The data section start

(* Let $0<\rho<\mu$, let $\beta$ be the unique real with $\rho(\beta)=\rho$, let $\ell\in\mathbb{N}$ be such that $t=\ell\rho$ is an integer, and let $0<\varepsilon<1$. Let $X_\beta$ have distribution $P_\beta$ and set $$\delta=\ell^{1/2}\,\frac{\mathrm{Var}(\mathrm{wt}_{\mathcal{A}}(X_\beta))^{1/2}}{(1-\varepsilon)^{1/2}}.$$ Then $$\sum_{\substack{j\in\mathbb{Z}\\ -\delta<j<\delta}}\bigl|\mathcal{S}^\ell_{t+j}\bigr|\ \ge\ \varepsilon\, q^{\ell H_\rho-|\beta|\delta}.$$
   Context: Let $q>1$ be fixed. Let $\mathcal{A}$ be a finite abelian group with $|\mathcal{A}|\ge 2$ and $\mathrm{wt}_{\mathcal{A}}:\mathcal{A}\to\mathbb{Z}_{\ge 0}$ a weight function with $\mathrm{wt}_{\mathcal{A}}(a)=0$ iff $a=0$, extended additively to $\mathcal{A}^\ell$ by $\mathrm{wt}_{\Sigma\mathcal{A}}(v)=\sum_{i=1}^\ell\mathrm{wt}_{\mathcal{A}}(v_i)$. For an integer $s$, $\mathcal{S}^\ell_s=\{v\in\mathcal{A}^\ell:\mathrm{wt}_{\Sigma\mathcal{A}}(v)=s\}$. Let $\mu=\max_a\mathrm{wt}_{\mathcal{A}}(a)$. For $\beta\in\mathbb{R}$ let $P_\beta(a)=q^{-\beta\,\mathrm{wt}_{\mathcal{A}}(a)}/\mathcal{Z}(\beta)$, $\mathcal{Z}(\beta)=\sum_aq^{-\beta\,\mathrm{wt}_{\mathcal{A}}(a)}$, $\rho(\beta)=\sum_aP_\beta(a)\mathrm{wt}_{\mathcal{A}}(a)$; $\rho$ is a bijection $\mathbb{R}\to(0,\mu)$. For $\rho=\rho(\beta)$, $H_\rho=-\sum_{a:P_\beta(a)\ne0}P_\beta(a)\log_qP_\beta(a)$. *)

theory Defs
  imports Complex_Main
begin

definition Zpart :: "real \<Rightarrow> ('a::finite \<Rightarrow> nat) \<Rightarrow> real \<Rightarrow> real" where
  "Zpart q wt \<beta> = (\<Sum>a\<in>UNIV. q powr (- \<beta> * real (wt a)))"

definition Pbeta :: "real \<Rightarrow> ('a::finite \<Rightarrow> nat) \<Rightarrow> real \<Rightarrow> 'a \<Rightarrow> real" where
  "Pbeta q wt \<beta> a = q powr (- \<beta> * real (wt a)) / Zpart q wt \<beta>"

definition rhoF :: "real \<Rightarrow> ('a::finite \<Rightarrow> nat) \<Rightarrow> real \<Rightarrow> real" where
  "rhoF q wt \<beta> = (\<Sum>a\<in>UNIV. Pbeta q wt \<beta> a * real (wt a))"

definition varF :: "real \<Rightarrow> ('a::finite \<Rightarrow> nat) \<Rightarrow> real \<Rightarrow> real" where
  "varF q wt \<beta> = (\<Sum>a\<in>UNIV. Pbeta q wt \<beta> a * (real (wt a) - rhoF q wt \<beta>)\<^sup>2)"

definition entropyF :: "real \<Rightarrow> ('a::finite \<Rightarrow> nat) \<Rightarrow> real \<Rightarrow> real" where
  "entropyF q wt \<beta> = - (\<Sum>a\<in>{a. Pbeta q wt \<beta> a \<noteq> 0}. Pbeta q wt \<beta> a * log q (Pbeta q wt \<beta> a))"

definition muF :: "('a::finite \<Rightarrow> nat) \<Rightarrow> nat" where
  "muF wt = Max (range wt)"

definition sphere :: "('a \<Rightarrow> nat) \<Rightarrow> nat \<Rightarrow> int \<Rightarrow> 'a list set" where
  "sphere wt l s = {v. length v = l \<and> int (\<Sum>x\<leftarrow>v. wt x) = s}"

end

theory Submission
  imports Defs
begin

text \<open>Let \<open>P\<^sub>\<beta>\<^sup>\<ell>\<close> be the product distribution on \<open>\<A>\<^sup>\<ell>\<close>. Its weight has mean \<open>t = \<ell>\<rho>\<close> and
  variance \<open>\<ell> Var(wt(X\<^sub>\<beta>)) = (1 - \<epsilon>) \<delta>\<^sup>2\<close>, so by Chebyshev's inequality the vectors of weight
  within \<open>\<delta>\<close> of \<open>t\<close> carry mass at least \<open>\<epsilon>\<close>. Each such vector \<open>v\<close> has probability exactly
  \<open>q\<^bsup>\<beta>(t - wt v) - \<ell>H\<^sub>\<rho>\<^esup> \<le> q\<^bsup>|\<beta>|\<delta> - \<ell>H\<^sub>\<rho>\<^esup>\<close>, so there must be at least \<open>\<epsilon> q\<^bsup>\<ell>H\<^sub>\<rho> - |\<beta>|\<delta>\<^esup>\<close> of them.\<close>

lemma finite_lists_length: "finite {v :: 'a::finite list. length v = n}"
  using finite_lists_length_eq[of "UNIV :: 'a set" n] by simp

lemma sum_lists_length_Suc:
  fixes F :: "'a::finite list \<Rightarrow> 'b::comm_monoid_add"
  shows "(\<Sum>v | length v = Suc n. F v) = (\<Sum>a\<in>UNIV. \<Sum>v | length v = n. F (a # v))"
proof -
  have "{v :: 'a list. length v = Suc n} = (\<lambda>x. snd x # fst x) ` ({v. length v = n} \<times> UNIV)"
    using lists_length_Suc_eq[of "UNIV :: 'a set" n] by (simp add: case_prod_beta)
  then have "(\<Sum>v | length v = Suc n. F v) = (\<Sum>x\<in>{v. length v = n} \<times> UNIV. F (snd x # fst x))"
    by (simp add: sum.reindex inj_split_Cons[unfolded case_prod_beta])
  also have "\<dots> = (\<Sum>v | length v = n. \<Sum>a\<in>UNIV. F (a # v))"
    by (simp add: sum.cartesian_product case_prod_beta)
  finally show ?thesis
    by (simp add: sum.swap[of _ "{v. length v = n}"])
qed

lemma sum_prod_list_lists_length:
  fixes p :: "'a::finite \<Rightarrow> real"
  shows "(\<Sum>v | length v = n. prod_list (map p v)) = (\<Sum>a\<in>UNIV. p a) ^ n"
proof (induction n)
  case 0
  have "{v :: 'a list. length v = 0} = {[]}" by auto
  then show ?case by simp
next
  case (Suc n)
  then show ?case
    by (simp add: sum_lists_length_Suc sum_distrib_left[symmetric] sum_distrib_right[symmetric])
qed

lemma sum_prod_list_sum_list_centred:
  fixes p d :: "'a::finite \<Rightarrow> real"
  assumes "(\<Sum>a\<in>UNIV. p a) = 1" and "(\<Sum>a\<in>UNIV. p a * d a) = 0"
  shows "(\<Sum>v | length v = n. prod_list (map p v) * sum_list (map d v)) = 0"
proof (induction n)
  case 0
  have "{v :: 'a list. length v = 0} = {[]}" by auto
  then show ?case by simp
next
  case (Suc n)
  have "(\<Sum>v | length v = Suc n. prod_list (map p v) * sum_list (map d v))
      = (\<Sum>a\<in>UNIV. p a * d a * (\<Sum>v | length v = n. prod_list (map p v))
          + p a * (\<Sum>v | length v = n. prod_list (map p v) * sum_list (map d v)))"
    by (simp add: sum_lists_length_Suc sum_distrib_left algebra_simps sum.distrib)
  also have "\<dots> = 0"
    using Suc assms by (simp add: sum_prod_list_lists_length sum_distrib_right[symmetric])
  finally show ?case .
qed

lemma sum_prod_list_sum_list_squared:
  fixes p d :: "'a::finite \<Rightarrow> real"
  assumes "(\<Sum>a\<in>UNIV. p a) = 1" and "(\<Sum>a\<in>UNIV. p a * d a) = 0"
  shows "(\<Sum>v | length v = n. prod_list (map p v) * (sum_list (map d v))\<^sup>2)
       = real n * (\<Sum>a\<in>UNIV. p a * (d a)\<^sup>2)"
proof (induction n)
  case 0
  have "{v :: 'a list. length v = 0} = {[]}" by auto
  then show ?case by simp
next
  case (Suc n)
  let ?m0 = "\<Sum>v | length v = n. prod_list (map p v)"
  let ?m1 = "\<Sum>v | length v = n. prod_list (map p v) * sum_list (map d v)"
  let ?m2 = "\<Sum>v | length v = n. prod_list (map p v) * (sum_list (map d v))\<^sup>2"
  have "(\<Sum>v | length v = Suc n. prod_list (map p v) * (sum_list (map d v))\<^sup>2)
      = (\<Sum>a\<in>UNIV. p a * (d a)\<^sup>2 * ?m0 + 2 * (p a * d a) * ?m1 + p a * ?m2)"
    by (simp add: sum_lists_length_Suc sum_distrib_left algebra_simps sum.distrib power2_eq_square)
  also have "\<dots> = (\<Sum>a\<in>UNIV. p a * (d a)\<^sup>2) + real n * (\<Sum>a\<in>UNIV. p a * (d a)\<^sup>2)"
    using Suc assms
    by (simp add: sum_prod_list_lists_length sum_prod_list_sum_list_centred sum.distrib
        sum_distrib_right[symmetric])
  finally show ?case by (simp add: algebra_simps)
qed

lemma sum_list_map_centred:
  "(\<Sum>x\<leftarrow>v. real (wt x) - r) = real (\<Sum>x\<leftarrow>v. wt x) - real (length v) * r"
  by (induction v) (simp_all add: algebra_simps)

lemma chebyshev_inequality_sum:
  fixes P D :: "'b \<Rightarrow> real"
  assumes "finite L" and "\<And>v. v \<in> L \<Longrightarrow> P v \<ge> 0" and "\<delta> > 0"
  shows "(\<Sum>v\<in>L. P v) - (\<Sum>v\<in>L. P v * (D v)\<^sup>2) / \<delta>\<^sup>2 \<le> (\<Sum>v | v \<in> L \<and> \<bar>D v\<bar> < \<delta>. P v)"
proof -
  let ?S = "{v. v \<in> L \<and> \<bar>D v\<bar> < \<delta>}"
  have "(\<Sum>v\<in>L - ?S. P v) \<le> (\<Sum>v\<in>L - ?S. P v * (D v)\<^sup>2 / \<delta>\<^sup>2)"
  proof (rule sum_mono)
    fix v assume "v \<in> L - ?S"
    then have "\<delta>\<^sup>2 \<le> (D v)\<^sup>2" and "P v \<ge> 0"
      using assms(2,3) by (auto simp: abs_le_square_iff[symmetric])
    then show "P v \<le> P v * (D v)\<^sup>2 / \<delta>\<^sup>2"
      using assms(3) mult_left_mono[of "\<delta>\<^sup>2" "(D v)\<^sup>2" "P v"] by (simp add: field_simps)
  qed
  also have "\<dots> \<le> (\<Sum>v\<in>L. P v * (D v)\<^sup>2 / \<delta>\<^sup>2)"
    using assms(1,2) by (intro sum_mono2) auto
  also have "\<dots> = (\<Sum>v\<in>L. P v * (D v)\<^sup>2) / \<delta>\<^sup>2"
    by (simp add: sum_divide_distrib)
  finally show ?thesis
    using sum.subset_diff[of ?S L P] assms(1) by auto
qed

lemma Zpart_pos: "q > 0 \<Longrightarrow> Zpart q wt \<beta> > 0"
  unfolding Zpart_def by (intro sum_pos) auto

lemma Pbeta_pos: "q > 0 \<Longrightarrow> Pbeta q wt \<beta> a > 0"
  by (simp add: Pbeta_def Zpart_pos)

lemma sum_Pbeta: "q > 0 \<Longrightarrow> (\<Sum>a\<in>UNIV. Pbeta q wt \<beta> a) = 1"
  using Zpart_pos[of q wt \<beta>] by (simp add: Pbeta_def Zpart_def sum_divide_distrib[symmetric])

lemma sum_Pbeta_centred:
  "q > 0 \<Longrightarrow> (\<Sum>a\<in>UNIV. Pbeta q wt \<beta> a * (real (wt a) - rhoF q wt \<beta>)) = 0"
  by (simp add: right_diff_distrib sum_subtractf sum_distrib_right[symmetric] sum_Pbeta
      rhoF_def)

lemma varF_pos:
  assumes "q > 0" and "wt a \<noteq> rhoF q wt \<beta>"
  shows "varF q wt \<beta> > 0"
proof -
  have "Pbeta q wt \<beta> a * (real (wt a) - rhoF q wt \<beta>)\<^sup>2 > 0"
    using assms Pbeta_pos[of q wt \<beta> a] by simp
  then show ?thesis
    unfolding varF_def using Pbeta_pos[OF assms(1), of wt \<beta>, THEN less_imp_le]
    by (intro sum_pos2[OF finite UNIV_I]) (auto intro: mult_nonneg_nonneg)
qed

lemma entropyF_eq:
  assumes "q > 1"
  shows "entropyF q wt \<beta> = \<beta> * rhoF q wt \<beta> + log q (Zpart q wt \<beta>)"
proof -
  let ?p = "Pbeta q wt \<beta>" and ?Z = "Zpart q wt \<beta>"
  have "?p a \<noteq> 0" for a
    using Pbeta_pos[of q wt \<beta> a] assms by simp
  then have support: "{a. ?p a \<noteq> 0} = UNIV"
    by blast
  have log_p: "log q (?p a) = - \<beta> * real (wt a) - log q ?Z" for a
    using assms Zpart_pos[of q wt \<beta>] by (simp add: Pbeta_def log_divide)
  have "?p a * log q (?p a) = - \<beta> * (?p a * real (wt a)) - log q ?Z * ?p a" for a
    by (simp add: log_p algebra_simps)
  with support show ?thesis
    using sum_Pbeta[of q wt \<beta>] assms
    by (simp add: entropyF_def rhoF_def sum_subtractf sum_negf sum_distrib_left[symmetric]
        sum_distrib_right[symmetric])
qed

The data section end

**Try it**
Among the entries above, copy exactly only the lines starting with the one containing "using assms(1,2) by" and going through the one containing "using Pbeta_pos[of q", both ends included.

**Solution to the exercise**
    using assms(1,2) by (intro sum_mono2) auto
  also have "\<dots> = (\<Sum>v\<in>L. P v * (D v)\<^sup>2) / \<delta>\<^sup>2"
    by (simp add: sum_divide_distrib)
  finally show ?thesis
    using sum.subset_diff[of ?S L P] assms(1) by auto
qed

lemma Zpart_pos: "q > 0 \<Longrightarrow> Zpart q wt \<beta> > 0"
  unfolding Zpart_def by (intro sum_pos) auto

lemma Pbeta_pos: "q > 0 \<Longrightarrow> Pbeta q wt \<beta> a > 0"
  by (simp add: Pbeta_def Zpart_pos)

lemma sum_Pbeta: "q > 0 \<Longrightarrow> (\<Sum>a\<in>UNIV. Pbeta q wt \<beta> a) = 1"
  using Zpart_pos[of q wt \<beta>] by (simp add: Pbeta_def Zpart_def sum_divide_distrib[symmetric])

lemma sum_Pbeta_centred:
  "q > 0 \<Longrightarrow> (\<Sum>a\<in>UNIV. Pbeta q wt \<beta> a * (real (wt a) - rhoF q wt \<beta>)) = 0"
  by (simp add: right_diff_distrib sum_subtractf sum_distrib_right[symmetric] sum_Pbeta
      rhoF_def)

lemma varF_pos:
  assumes "q > 0" and "wt a \<noteq> rhoF q wt \<beta>"
  shows "varF q wt \<beta> > 0"
proof -
  have "Pbeta q wt \<beta> a * (real (wt a) - rhoF q wt \<beta>)\<^sup>2 > 0"
    using assms Pbeta_pos[of q wt \<beta> a] by simp
  then show ?thesis
    unfolding varF_def using Pbeta_pos[OF assms(1), of wt \<beta>, THEN less_imp_le]
    by (intro sum_pos2[OF finite UNIV_I]) (auto intro: mult_nonneg_nonneg)
qed

lemma entropyF_eq:
  assumes "q > 1"
  shows "entropyF q wt \<beta> = \<beta> * rhoF q wt \<beta> + log q (Zpart q wt \<beta>)"
proof -
  let ?p = "Pbeta q wt \<beta>" and ?Z = "Zpart q wt \<beta>"
  have "?p a \<noteq> 0" for a
    using Pbeta_pos[of q wt \<beta> a] assms by simp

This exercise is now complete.